Research Reports - Deep brain stimulation for the early treatment of the minimally conscious state and vegetative state

J Neurosurg. 2017 Jun 16:1-10. doi: 10.3171/2016.10.JNS161071. [Epub ahead of

Chudy D(1)(2), Deletis V(3)(4), Almahariq F(1), Marčinković P(1), Škrlin J(5),
Paradžik V(6).

OBJECTIVE An effective treatment of patients in a minimally conscious state (MCS)
or vegetative state (VS) caused by hypoxic encephalopathy or traumatic brain
injury (TBI) is not yet available. Deep brain stimulation (DBS) of the thalamic
reticular nuclei has been attempted as a therapeutic procedure mainly in patients
with TBI. The purpose of this study was to investigate the therapeutic use of DBS
for patients in VS or MCS. METHODS Fourteen of 49 patients in VS or MCS qualified
for inclusion in this study and underwent DBS. Of these 14 patients, 4 were in
MCS and 10 were in VS. The etiology of VS or MCS was TBI in 4 cases and hypoxic
encephalopathy due to cardiac arrest in 10. The selection criteria for DBS,
evaluating the status of the cerebral cortex and thalamocortical reticular
formation, included: neurological evaluation, electrophysiological evaluation,
and the results of positron emission tomography (PET) and MRI examinations. The
target for DBS was the centromedian-parafascicular (CM-pf) complex. The duration
of follow-up ranged from 38 to 60 months. RESULTS Two MCS patients regained
consciousness and regained their ability to walk, speak fluently, and live
independently.
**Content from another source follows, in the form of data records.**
definition epistemic_heyting_algebra ::
  "('a::{finite,bounded_lattice} \<Rightarrow> 'a \<Rightarrow> 'a) \<Rightarrow> ('i \<Rightarrow> 'a \<Rightarrow> 'a) \<Rightarrow> ('i \<Rightarrow> 'a \<Rightarrow> 'a) \<Rightarrow> bool" where
  "epistemic_heyting_algebra imp dia box \<longleftrightarrow>
     monadic_heyting_algebra imp dia box \<and>
     (\<forall>i a. dia i a \<squnion> imp (dia i a) bot = top)"

text \<open>Generic i-minimality in a (quotient) poset presented by its equality eq,
  order le, diamond operation dia and bottom element bt.\<close>

definition minimal_wrt :: "('a \<Rightarrow> 'a \<Rightarrow> bool) \<Rightarrow> ('a \<Rightarrow> 'a \<Rightarrow> bool) \<Rightarrow> ('a \<Rightarrow> 'a) \<Rightarrow> 'a \<Rightarrow> 'a \<Rightarrow> bool" where
  "minimal_wrt eq le dia bt c \<longleftrightarrow>
     \<not> eq c bt \<and> eq (dia c) c \<and>
     (\<forall>d. (le d c \<and> \<not> eq d c) \<and> eq (dia d) d \<longrightarrow> eq d bt)"

definition Min_alg :: "('i \<Rightarrow> 'a::bounded_lattice \<Rightarrow> 'a) \<Rightarrow> 'i \<Rightarrow> 'a set" where
  "Min_alg dia i = {c. minimal_wrt (=) (\<le>) (dia i) bot c}"

text \<open>Pseudo-quotient A^a, presented on representatives: classes [b] are represented by b,
  with [b] = [c] iff b \<sqinter> a = c \<sqinter> a, [b] \<le> [c] iff b \<sqinter> a \<le> c \<sqinter> a,
  dia^a_i [b] = [dia_i (b \<sqinter> a)], box^a_i [b] = [box_i (a \<rightarrow> b)].\<close>

definition pq_eq :: "'a::bounded_lattice \<Rightarrow> 'a \<Rightarrow> 'a \<Rightarrow> bool" where
  "pq_eq a b c \<longleftrightarrow> b \<sqinter> a = c \<sqinter> a"

definition pq_le :: "'a::bounded_lattice \<Rightarrow> 'a \<Rightarrow> 'a \<Rightarrow> bool" where
  "pq_le a b c \<longleftrightarrow> b \<sqinter> a \<le> c \<sqinter> a"

definition pq_dia :: "('i \<Rightarrow> 'a::bounded_lattice \<Rightarrow> 'a) \<Rightarrow> 'a \<Rightarrow> 'i \<Rightarrow> 'a \<Rightarrow> 'a" where
  "pq_dia dia a i b = dia i (b \<sqinter> a)"

definition pq_box :: "('a \<Rightarrow> 'a \<Rightarrow> 'a) \<Rightarrow> ('i \<Rightarrow> 'a \<Rightarrow> 'a) \<Rightarrow> 'a \<Rightarrow> 'i \<Rightarrow> 'a \<Rightarrow> 'a" where
  "pq_box imp box a i b = box i (imp a b)"

definition pq_min :: "('i \<Rightarrow> 'a::bounded_lattice \<Rightarrow> 'a) \<Rightarrow> 'a \<Rightarrow> 'i \<Rightarrow> 'a \<Rightarrow> bool" where
  "pq_min dia a i b \<longleftrightarrow> minimal_wrt (pq_eq a) (pq_le a) (pq_dia dia a i) bot b"

end

theory Submission
  imports Defs
begin

unbundle lattice_syntax

text \<open>Every \<open>i\<close>-minimal element \<open>c\<close> is an atom among the \<open>\<lozenge>\<^sub>i\<close>-closed elements, so
  \<open>\<lozenge>\<^sub>i z = c\<close> for every nonzero \<open>z \<le> c\<close>, and distinct ones are disjoint. If \<open>[b]\<close> is
  \<open>i\<close>-minimal in the pseudo-quotient, an \<open>i\<close>-minimal \<open>c \<le> \<lozenge>\<^sub>i(b \<sqinter> a)\<close> meeting \<open>b \<sqinter> a\<close>
  exists by finiteness, and minimality of \<open>[b]\<close> forces \<open>[c] = [b]\<close>; disjointness gives
  uniqueness. Conversely, if \<open>[b] = [c]\<close> with \<open>c\<close> minimal, any \<open>\<lozenge>\<^sup>a\<^sub>i\<close>-closed \<open>[d] < [b]\<close>
  yields the closed element \<open>\<lozenge>\<^sub>i(d \<sqinter> a) < c\<close>, which must vanish.\<close>

lemma pq_min_iff:
  "pq_min dia a i b \<longleftrightarrow>
     b \<sqinter> a \<noteq> bot \<and> dia i (b \<sqinter> a) \<sqinter> a = b \<sqinter> a \<and>
     (\<forall>d. d \<sqinter> a \<le> b \<sqinter> a \<and> d \<sqinter> a \<noteq> b \<sqinter> a \<and> dia i (d \<sqinter> a) \<sqinter> a = d \<sqinter> a
          \<longrightarrow> d \<sqinter> a = bot)"
  by (auto simp: pq_min_def minimal_wrt_def pq_eq_def pq_le_def pq_dia_def)

locale monadic_heyting =
  fixes imp :: "'a::bounded_lattice \<Rightarrow> 'a \<Rightarrow> 'a"
    and dia box :: "'i \<Rightarrow> 'a \<Rightarrow> 'a"
  assumes monadic: "monadic_heyting_algebra imp dia box"
begin

lemma residuation: "z \<sqinter> x \<le> y \<longleftrightarrow> z \<le> imp x y"
  using monadic unfolding monadic_heyting_algebra_def heyting_imp_def by blast

lemma dia_mono: "x \<le> y \<Longrightarrow> dia i x \<le> dia i y"
  using monadic unfolding monadic_heyting_algebra_def mono_def by blast

lemma box_mono: "x \<le> y \<Longrightarrow> box i x \<le> box i y"
  using monadic unfolding monadic_heyting_algebra_def mono_def by blast

lemma dia_extensive: "x \<le> dia i x"
  using monadic unfolding monadic_heyting_algebra_def by blast

lemma box_deflationary: "box i x \<le> x"
  using monadic unfolding monadic_heyting_algebra_def by blast

lemma dia_le_box_dia: "dia i x \<le> box i (dia i x)"
  using monadic unfolding monadic_heyting_algebra_def by blast

lemma dia_box_le_box: "dia i (box i x) \<le> box i x"
  using monadic unfolding monadic_heyting_algebra_def by blast

lemma box_imp_le_imp_dia: "box i (imp x y) \<le> imp (dia i x) (dia i y)"
  using monadic unfolding monadic_heyting_algebra_def by blast

lemma dia_bot [simp]: "dia i bot = bot"
  using monadic unfolding monadic_heyting_algebra_def by (meson bot.extremum_uniqueI)

lemma box_eq_if_dia_closed: "dia i x = x \<Longrightarrow> box i x = x"
  using box_deflationary[of i x] dia_le_box_dia[of i x] by simp

lemma dia_idem [simp]: "dia i (dia i x) = dia i x"
proof -
  have "box i (dia i x) = dia i x"
    using box_deflationary dia_le_box_dia by (simp add: antisym)
  then have "dia i (dia i x) \<le> dia i x"
    using dia_box_le_box by metis
  then show ?thesis
    using dia_extensive by (simp add: antisym)
qed

lemma dia_inf_closed:
  assumes "dia i x = x" and "dia i y = y"
  shows "dia i (x \<sqinter> y) = x \<sqinter> y"
  using dia_mono[of "x \<sqinter> y" x i] dia_mono[of "x \<sqinter> y" y i] dia_extensive[of "x \<sqinter> y" i] assms
  by (simp add: antisym)

lemma dia_pseudocomplement_closed:
  assumes closed: "dia i x = x"
  shows "dia i (imp x bot) = imp x bot"
proof -
  have "imp x bot \<sqinter> x \<le> bot"
    using residuation[of "imp x bot" x bot] by simp
  then have "x \<le> imp (imp x bot) bot"
    using residuation[of x "imp x bot" bot] by (simp add: inf_commute)
  then have "box i x \<le> box i (imp (imp x bot) bot)"
    by (rule box_mono)
  also have "\<dots> \<le> imp (dia i (imp x bot)) bot"
    using box_imp_le_imp_dia[of i "imp x bot" bot] by simp
  finally have "dia i (imp x bot) \<sqinter> x \<le> bot"
    using box_eq_if_dia_closed[OF closed] residuation by (simp add: inf_commute)
  then have "dia i (imp x bot) \<le> imp x bot"
    using residuation by blast
  then show ?thesis
    using dia_extensive by (simp add: antisym)
qed

lemma Min_alg_closed: "c \<in> Min_alg dia i \<Longrightarrow> dia i c = c"
  by (simp add: Min_alg_def minimal_wrt_def)

lemma Min_alg_nonbot: "c \<in> Min_alg dia i \<Longrightarrow> c \<noteq> bot"
  by (simp add: Min_alg_def minimal_wrt_def)

lemma Min_alg_minimal:
  "c \<in> Min_alg dia i \<Longrightarrow> d \<le> c \<Longrightarrow> d \<noteq> c \<Longrightarrow> dia i d = d \<Longrightarrow> d = bot"
  by (simp add: Min_alg_def minimal_wrt_def)

lemma Min_alg_inf_closed_cases:
  assumes c: "c \<in> Min_alg dia i" and closed: "dia i y = y"
  shows "c \<sqinter> y = bot \<or> c \<le> y"
proof (cases "c \<sqinter> y = c")
  case True
  then show ?thesis
    by (simp add: le_iff_inf)
next
  case False
  then show ?thesis
    using Min_alg_minimal[OF c inf_le1] dia_inf_closed[OF Min_alg_closed[OF c] closed] by simp
qed

lemma dia_eq_Min_alg:
  assumes c: "c \<in> Min_alg dia i" and "z \<le> c" and "z \<noteq> bot"
  shows "dia i z = c"
proof (rule ccontr)
  assume "dia i z \<noteq> c"
  moreover have "dia i z \<le> c"
    using dia_mono[OF \<open>z \<le> c\<close>, of i] Min_alg_closed[OF c] by simp
  ultimately have "dia i z = bot"
    using Min_alg_minimal[OF c] by simp
  then show False
    using dia_extensive[of z i] \<open>z \<noteq> bot\<close> by (simp add: bot_unique)
qed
One MCS patient reached the level of consciousness, but was still
in a wheelchair at the time the article was written. One VS patient (who had
suffered a cerebral ischemic lesion) improved to the level of consciousness and
currently responds to simple commands. Three VS patients died of respiratory
infection, sepsis, or cerebrovascular insult (1 of each). The other 7 patients
remained without substantial improvement of consciousness. CONCLUSIONS
Spontaneous recovery from MCS/VS to the level of consciousness with no or minimal
need for assistance in everyday life is very rare. Therefore, if a patient in VS
or MCS fulfills the selection criteria (presence of somatosensory evoked
potentials from upper extremities, motor and brainstem auditory evoked
potentials, with cerebral glucose metabolism affected not more than the level of
hypometabolism, which is judged using PET), DBS could be a treatment option.